O CFF reafirma que erros de medicação não são eventos raros, são evitáveis e sua gravidade se amplifica justamente onde a assistência é mais complexa. Por isso, as melhores práticas de segurança do paciente são convergentes na necessidade de barreiras qualificadas e presenciais na etapa de validação, dispensação e orientação clínica, papel que a legislação profissional atribui ao farmacêutico.
Diante desse quadro, o CFF ressalta:
1 - A lacuna legal nas farmácias satélites precisa ser corrigida com urgência. A permissividade de funcionamento desses pontos de dispensação em áreas críticas sem farmacêutico presencial enfraquece o sistema de segurança medicamentosa e favorece a passagem de erros evitáveis.
2 - A presença obrigatória, presencial e contínua do farmacêutico em farmácias satélites e estoques descentralizados de urgência/emergência e UTI é barreira técnica essencial. É o farmacêutico o profissional legal e tecnicamente habilitado para validar prescrições, checar dose, via, diluições, compatibilidades, estabilidade, interações e riscos específicos de medicamentos de alta vigilância.
3 - A segurança depende de dimensionamento adequado da força de trabalho farmacêutica. Diretrizes profissionais vigentes atribuem ao farmacêutico responsável técnico o dever de planejar e dimensionar equipes conforme complexidade assistencial, volume de prescrições e perfil de risco, garantindo validação tempestiva e suporte clínico em leitos críticos. Considerando a autoridade técnica do farmacêutico, esse dimensionamento deve ser respeitado pela gestão do serviço/estabelecimento.
4 - A cultura de segurança do paciente requer integração multiprofissional. A experiência internacional demonstra que sistemas de saúde mais eficientes são aqueles em que há colaboração interprofissional efetiva, com farmacêuticos, médicos, enfermeiros e outros profissionais atuando em conjunto, cada um dentro de sua área de competência, mas de forma integrada, tendo o paciente como centro do cuidado. A saúde é complexa demais para ser responsabilidade de uma única profissão. É no reconhecimento das competências específicas e na integração dos saberes que conseguimos oferecer um cuidado mais seguro e efetivo à população.
Com base nessas premissas, o CFF informa que está apoiando e colaborando tecnicamente com a formulação de proposta legislativa nacional que institui a obrigatoriedade de farmacêutico presencial em farmácias satélites/estoques descentralizados de medicamentos de controle especial e de alta vigilância em urgência/emergência e UTI, para hospitais públicos e privados, independentemente do número de leitos, superando explicitamente a lacuna regulatória hoje existente.

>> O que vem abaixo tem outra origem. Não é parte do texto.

lemma J_on_glue:
  assumes \<gamma>: "admissible_on a c \<gamma> \<gamma>'" and \<eta>: "admissible_on c b \<eta> \<eta>'"
    and "\<gamma> c = \<eta> c" "\<gamma>' c = \<eta>' c"
  shows "J_on f (\<lambda>t. if t \<le> c then \<gamma> t else \<eta> t) (\<lambda>t. if t \<le> c then \<gamma>' t else \<eta>' t) a b
       = J_on f \<gamma> \<gamma>' a c + J_on f \<eta> \<eta>' c b"
proof -
  have "a < c" "c < b" using \<gamma> \<eta> unfolding admissible_on_def by auto
  then have "J_on f (\<lambda>t. if t \<le> c then \<gamma> t else \<eta> t) (\<lambda>t. if t \<le> c then \<gamma>' t else \<eta>' t) a b
      = J_on f (\<lambda>t. if t \<le> c then \<gamma> t else \<eta> t) (\<lambda>t. if t \<le> c then \<gamma>' t else \<eta>' t) a c
      + J_on f (\<lambda>t. if t \<le> c then \<gamma> t else \<eta> t) (\<lambda>t. if t \<le> c then \<gamma>' t else \<eta>' t) c b"
    by (intro J_on_additive admissible_on_glue[OF assms]) auto
  also have "\<dots> = J_on f \<gamma> \<gamma>' a c + J_on f \<eta> \<eta>' c b"
    unfolding J_on_def using assms(3,4) by (intro arg_cong2[where f="(+)"] integral_cong) auto
  finally show ?thesis .
qed

lemma J_on_le_weighted_sum:
  assumes \<gamma>: "admissible_on a b \<gamma> \<gamma>'" and st: "a \<le> s" "s \<le> t" "t \<le> b"
    and c: "\<forall>i. 0 < c i" "(\<Prod>i\<in>UNIV. c i) = 1"
  shows "J_on f \<gamma> \<gamma>' s t
    \<le> M powr (1 / real CARD('n)) / real CARD('n) * (\<Sum>i\<in>UNIV. c i * (\<gamma> t $ i - \<gamma> s $ i))"
proof -
  define H where "H = M powr (1 / real CARD('n))"
  have "J_on f \<gamma> \<gamma>' s t \<le> integral {s..t} (\<lambda>u. H / real CARD('n) * (\<Sum>i\<in>UNIV. c i * \<gamma>' u $ i))"
    unfolding J_on_def
  proof (rule integral_le)
    show "(\<lambda>u. f (\<gamma> u) powr (1 / real CARD('n)) * gmean (\<gamma>' u)) integrable_on {s..t}"
      using st by (intro integrable_subinterval_real[OF J_on_integrable[OF \<gamma>]]) auto
    show "(\<lambda>u. H / real CARD('n) * (\<Sum>i\<in>UNIV. c i * \<gamma>' u $ i)) integrable_on {s..t}"
      using st by (intro integrable_on_mult_right has_integral_integrable[OF admissible_on_has_integral_weighted[OF \<gamma>]])
    fix u assume "u \<in> {s..t}"
    then have "\<forall>i. 0 \<le> \<gamma>' u $ i" using \<gamma> st unfolding admissible_on_def by auto
    then have "gmean (\<gamma>' u) \<le> (\<Sum>i\<in>UNIV. c i * \<gamma>' u $ i) / real CARD('n)"
      using gmean_le_weighted_mean c by blast
    then have "H * gmean (\<gamma>' u) \<le> H * ((\<Sum>i\<in>UNIV. c i * \<gamma>' u $ i) / real CARD('n))"
      by (rule mult_left_mono) (simp add: H_def)
    moreover have "f (\<gamma> u) powr (1 / real CARD('n)) * gmean (\<gamma>' u) \<le> H * gmean (\<gamma>' u)"
      unfolding H_def by (rule mult_right_mono[OF root_le gmean_nonneg])
    ultimately show "f (\<gamma> u) powr (1 / real CARD('n)) * gmean (\<gamma>' u)
        \<le> H / real CARD('n) * (\<Sum>i\<in>UNIV. c i * \<gamma>' u $ i)"
      by simp
  qed
  also have "\<dots> = H / real CARD('n) * (\<Sum>i\<in>UNIV. c i * (\<gamma> t $ i - \<gamma> s $ i))"
    using st by (intro integral_unique has_integral_mult_right admissible_on_has_integral_weighted[OF \<gamma>])
  finally show ?thesis unfolding H_def .
qed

O CFF também recomenda que os hospitais adotem imediatamente essa assistência presencial, mesmo antes da aprovação legislativa, como parte de seu dever sanitário e ético de proteção à vida.
Por fim, o Conselho Federal de Farmácia reafirma seu compromisso institucional com a segurança no uso de medicamentos, com a defesa do cuidado multiprofissional e com a prevenção de eventos adversos evitáveis. Transformar a dor do caso Benício em mudanças estruturais é dever coletivo do Estado, das instituições de saúde e das profissões sanitárias.
Seguiremos contribuindo para que o Brasil avance em normas e práticas que preservem vidas e reforcem a confiança da sociedade nos serviços de saúde.